ACTIVITY:
From the entries that follow, copy each line in which "notin" appears.
START DATA FOR THIS EXERCISE
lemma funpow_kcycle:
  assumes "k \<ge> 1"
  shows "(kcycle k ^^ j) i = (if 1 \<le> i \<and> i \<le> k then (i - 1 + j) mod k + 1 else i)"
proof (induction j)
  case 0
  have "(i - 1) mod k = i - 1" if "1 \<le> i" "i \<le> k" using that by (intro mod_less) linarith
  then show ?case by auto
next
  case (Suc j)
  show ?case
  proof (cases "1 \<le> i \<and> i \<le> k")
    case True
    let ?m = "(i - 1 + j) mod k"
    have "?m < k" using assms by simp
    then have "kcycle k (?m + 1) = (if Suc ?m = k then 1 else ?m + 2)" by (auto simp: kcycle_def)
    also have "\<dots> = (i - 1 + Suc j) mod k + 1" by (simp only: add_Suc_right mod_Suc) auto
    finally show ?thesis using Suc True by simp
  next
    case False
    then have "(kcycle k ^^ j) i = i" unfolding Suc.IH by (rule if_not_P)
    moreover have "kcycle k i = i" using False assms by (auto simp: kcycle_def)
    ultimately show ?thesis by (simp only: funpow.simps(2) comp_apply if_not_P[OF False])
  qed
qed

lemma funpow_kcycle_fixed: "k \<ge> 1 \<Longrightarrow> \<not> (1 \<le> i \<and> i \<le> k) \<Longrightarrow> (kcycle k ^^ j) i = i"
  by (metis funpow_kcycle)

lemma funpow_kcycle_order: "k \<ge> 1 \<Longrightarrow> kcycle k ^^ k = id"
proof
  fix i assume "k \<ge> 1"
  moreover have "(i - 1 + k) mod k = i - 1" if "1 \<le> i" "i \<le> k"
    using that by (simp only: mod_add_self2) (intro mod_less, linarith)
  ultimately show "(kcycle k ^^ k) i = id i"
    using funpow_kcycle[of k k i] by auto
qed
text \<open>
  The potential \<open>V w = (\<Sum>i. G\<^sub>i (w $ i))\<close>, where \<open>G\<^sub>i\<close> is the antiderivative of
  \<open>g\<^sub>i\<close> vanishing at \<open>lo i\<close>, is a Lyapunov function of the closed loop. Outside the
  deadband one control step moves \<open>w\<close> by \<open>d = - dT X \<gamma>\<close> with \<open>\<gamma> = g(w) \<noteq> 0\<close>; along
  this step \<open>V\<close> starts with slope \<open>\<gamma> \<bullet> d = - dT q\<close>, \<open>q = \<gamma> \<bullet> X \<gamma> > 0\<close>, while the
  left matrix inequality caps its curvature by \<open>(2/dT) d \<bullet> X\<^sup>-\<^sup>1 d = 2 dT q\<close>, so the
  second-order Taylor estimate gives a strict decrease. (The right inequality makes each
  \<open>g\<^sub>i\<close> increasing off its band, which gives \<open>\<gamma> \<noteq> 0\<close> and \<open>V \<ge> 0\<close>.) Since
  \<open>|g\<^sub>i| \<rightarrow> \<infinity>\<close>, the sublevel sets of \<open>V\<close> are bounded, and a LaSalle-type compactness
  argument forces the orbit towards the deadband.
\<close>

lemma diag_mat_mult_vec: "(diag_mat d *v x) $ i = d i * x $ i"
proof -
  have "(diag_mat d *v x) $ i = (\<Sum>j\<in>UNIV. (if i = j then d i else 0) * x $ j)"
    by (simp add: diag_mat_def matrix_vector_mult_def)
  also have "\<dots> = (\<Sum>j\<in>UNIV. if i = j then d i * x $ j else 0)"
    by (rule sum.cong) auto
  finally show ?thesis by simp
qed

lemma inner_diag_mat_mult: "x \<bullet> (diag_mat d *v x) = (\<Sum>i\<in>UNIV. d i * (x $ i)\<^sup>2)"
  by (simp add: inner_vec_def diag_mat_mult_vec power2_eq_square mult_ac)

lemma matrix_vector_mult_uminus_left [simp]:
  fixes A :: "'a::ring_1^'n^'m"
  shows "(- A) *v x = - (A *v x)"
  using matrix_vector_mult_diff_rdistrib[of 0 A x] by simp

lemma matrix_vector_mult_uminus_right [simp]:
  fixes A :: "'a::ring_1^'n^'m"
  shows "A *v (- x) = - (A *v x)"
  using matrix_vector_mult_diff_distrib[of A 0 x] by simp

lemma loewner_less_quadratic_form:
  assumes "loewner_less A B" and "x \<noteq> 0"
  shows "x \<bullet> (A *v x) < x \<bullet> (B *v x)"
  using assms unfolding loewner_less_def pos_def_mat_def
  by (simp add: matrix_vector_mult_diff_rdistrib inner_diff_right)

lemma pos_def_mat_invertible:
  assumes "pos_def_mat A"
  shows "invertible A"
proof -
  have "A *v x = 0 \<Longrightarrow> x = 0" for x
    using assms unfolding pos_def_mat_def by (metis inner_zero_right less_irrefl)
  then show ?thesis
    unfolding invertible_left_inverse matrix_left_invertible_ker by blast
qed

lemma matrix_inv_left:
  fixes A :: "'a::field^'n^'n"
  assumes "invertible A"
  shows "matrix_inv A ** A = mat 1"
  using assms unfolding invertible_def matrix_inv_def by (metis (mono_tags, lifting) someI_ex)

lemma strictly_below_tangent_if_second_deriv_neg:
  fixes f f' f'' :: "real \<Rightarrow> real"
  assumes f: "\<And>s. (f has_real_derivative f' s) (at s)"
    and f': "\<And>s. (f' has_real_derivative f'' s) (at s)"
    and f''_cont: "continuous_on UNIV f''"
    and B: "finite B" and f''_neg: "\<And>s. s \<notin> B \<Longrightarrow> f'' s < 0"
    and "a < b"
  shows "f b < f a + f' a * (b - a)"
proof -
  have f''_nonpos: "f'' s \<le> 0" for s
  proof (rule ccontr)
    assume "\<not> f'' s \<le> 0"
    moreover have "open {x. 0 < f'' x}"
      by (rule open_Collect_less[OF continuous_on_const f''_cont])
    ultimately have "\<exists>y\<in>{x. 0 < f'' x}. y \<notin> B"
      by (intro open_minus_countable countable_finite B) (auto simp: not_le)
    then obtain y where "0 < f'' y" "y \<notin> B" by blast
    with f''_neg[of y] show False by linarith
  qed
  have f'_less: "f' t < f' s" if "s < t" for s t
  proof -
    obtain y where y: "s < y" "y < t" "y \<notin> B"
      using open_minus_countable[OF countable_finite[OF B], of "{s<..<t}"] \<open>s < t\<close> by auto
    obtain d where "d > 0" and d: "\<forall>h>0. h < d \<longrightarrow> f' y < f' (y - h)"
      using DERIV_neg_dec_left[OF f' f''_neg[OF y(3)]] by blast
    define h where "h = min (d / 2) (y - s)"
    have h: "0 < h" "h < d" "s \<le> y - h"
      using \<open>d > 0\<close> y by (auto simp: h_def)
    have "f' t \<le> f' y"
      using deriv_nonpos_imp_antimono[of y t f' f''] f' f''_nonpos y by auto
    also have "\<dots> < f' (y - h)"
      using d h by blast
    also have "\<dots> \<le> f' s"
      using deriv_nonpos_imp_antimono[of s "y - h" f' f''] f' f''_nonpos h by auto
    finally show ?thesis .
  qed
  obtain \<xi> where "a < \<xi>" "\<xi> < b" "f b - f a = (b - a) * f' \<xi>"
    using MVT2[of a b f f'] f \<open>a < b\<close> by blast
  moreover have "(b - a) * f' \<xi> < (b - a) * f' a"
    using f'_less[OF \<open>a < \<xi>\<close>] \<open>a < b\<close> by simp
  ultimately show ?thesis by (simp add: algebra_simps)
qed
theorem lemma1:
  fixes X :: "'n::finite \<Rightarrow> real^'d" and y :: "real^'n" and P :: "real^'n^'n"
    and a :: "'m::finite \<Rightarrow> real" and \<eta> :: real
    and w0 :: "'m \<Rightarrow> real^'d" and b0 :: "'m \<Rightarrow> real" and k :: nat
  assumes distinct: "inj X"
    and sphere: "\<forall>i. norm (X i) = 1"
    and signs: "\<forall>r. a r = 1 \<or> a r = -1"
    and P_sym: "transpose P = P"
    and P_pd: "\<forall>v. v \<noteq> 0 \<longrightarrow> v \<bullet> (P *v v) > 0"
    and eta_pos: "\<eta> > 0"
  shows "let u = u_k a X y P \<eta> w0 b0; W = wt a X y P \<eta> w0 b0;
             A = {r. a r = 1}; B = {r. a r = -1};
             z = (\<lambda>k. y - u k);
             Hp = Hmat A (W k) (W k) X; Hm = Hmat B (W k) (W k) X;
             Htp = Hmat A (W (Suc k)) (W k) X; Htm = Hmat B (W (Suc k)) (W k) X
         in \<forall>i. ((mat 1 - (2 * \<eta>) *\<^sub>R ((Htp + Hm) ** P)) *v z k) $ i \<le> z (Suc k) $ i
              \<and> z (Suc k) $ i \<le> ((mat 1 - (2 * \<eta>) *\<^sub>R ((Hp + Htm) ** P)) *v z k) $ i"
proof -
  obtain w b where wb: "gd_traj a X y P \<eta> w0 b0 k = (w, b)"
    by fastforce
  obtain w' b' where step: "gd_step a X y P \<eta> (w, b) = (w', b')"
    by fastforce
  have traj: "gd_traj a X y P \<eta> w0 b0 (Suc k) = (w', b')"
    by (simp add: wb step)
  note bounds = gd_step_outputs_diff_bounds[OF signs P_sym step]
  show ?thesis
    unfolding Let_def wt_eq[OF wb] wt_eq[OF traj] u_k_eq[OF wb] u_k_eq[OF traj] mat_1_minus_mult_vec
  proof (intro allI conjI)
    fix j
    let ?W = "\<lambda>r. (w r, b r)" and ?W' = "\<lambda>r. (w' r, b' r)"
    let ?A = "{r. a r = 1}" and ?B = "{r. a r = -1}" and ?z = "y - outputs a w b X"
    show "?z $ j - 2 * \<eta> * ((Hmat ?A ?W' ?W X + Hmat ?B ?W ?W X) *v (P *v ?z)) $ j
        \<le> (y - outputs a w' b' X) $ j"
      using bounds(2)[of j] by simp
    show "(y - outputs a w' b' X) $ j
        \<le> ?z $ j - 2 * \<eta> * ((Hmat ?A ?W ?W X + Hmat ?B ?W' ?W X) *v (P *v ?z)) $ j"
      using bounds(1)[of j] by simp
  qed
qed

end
END DATA FOR THIS EXERCISE
RESULT OF THIS EXERCISE:
    and B: "finite B" and f''_neg: "\<And>s. s \<notin> B \<Longrightarrow> f'' s < 0"
    ultimately have "\<exists>y\<in>{x. 0 < f'' x}. y \<notin> B"
    then obtain y where "0 < f'' y" "y \<notin> B" by blast
    obtain y where y: "s < y" "y < t" "y \<notin> B"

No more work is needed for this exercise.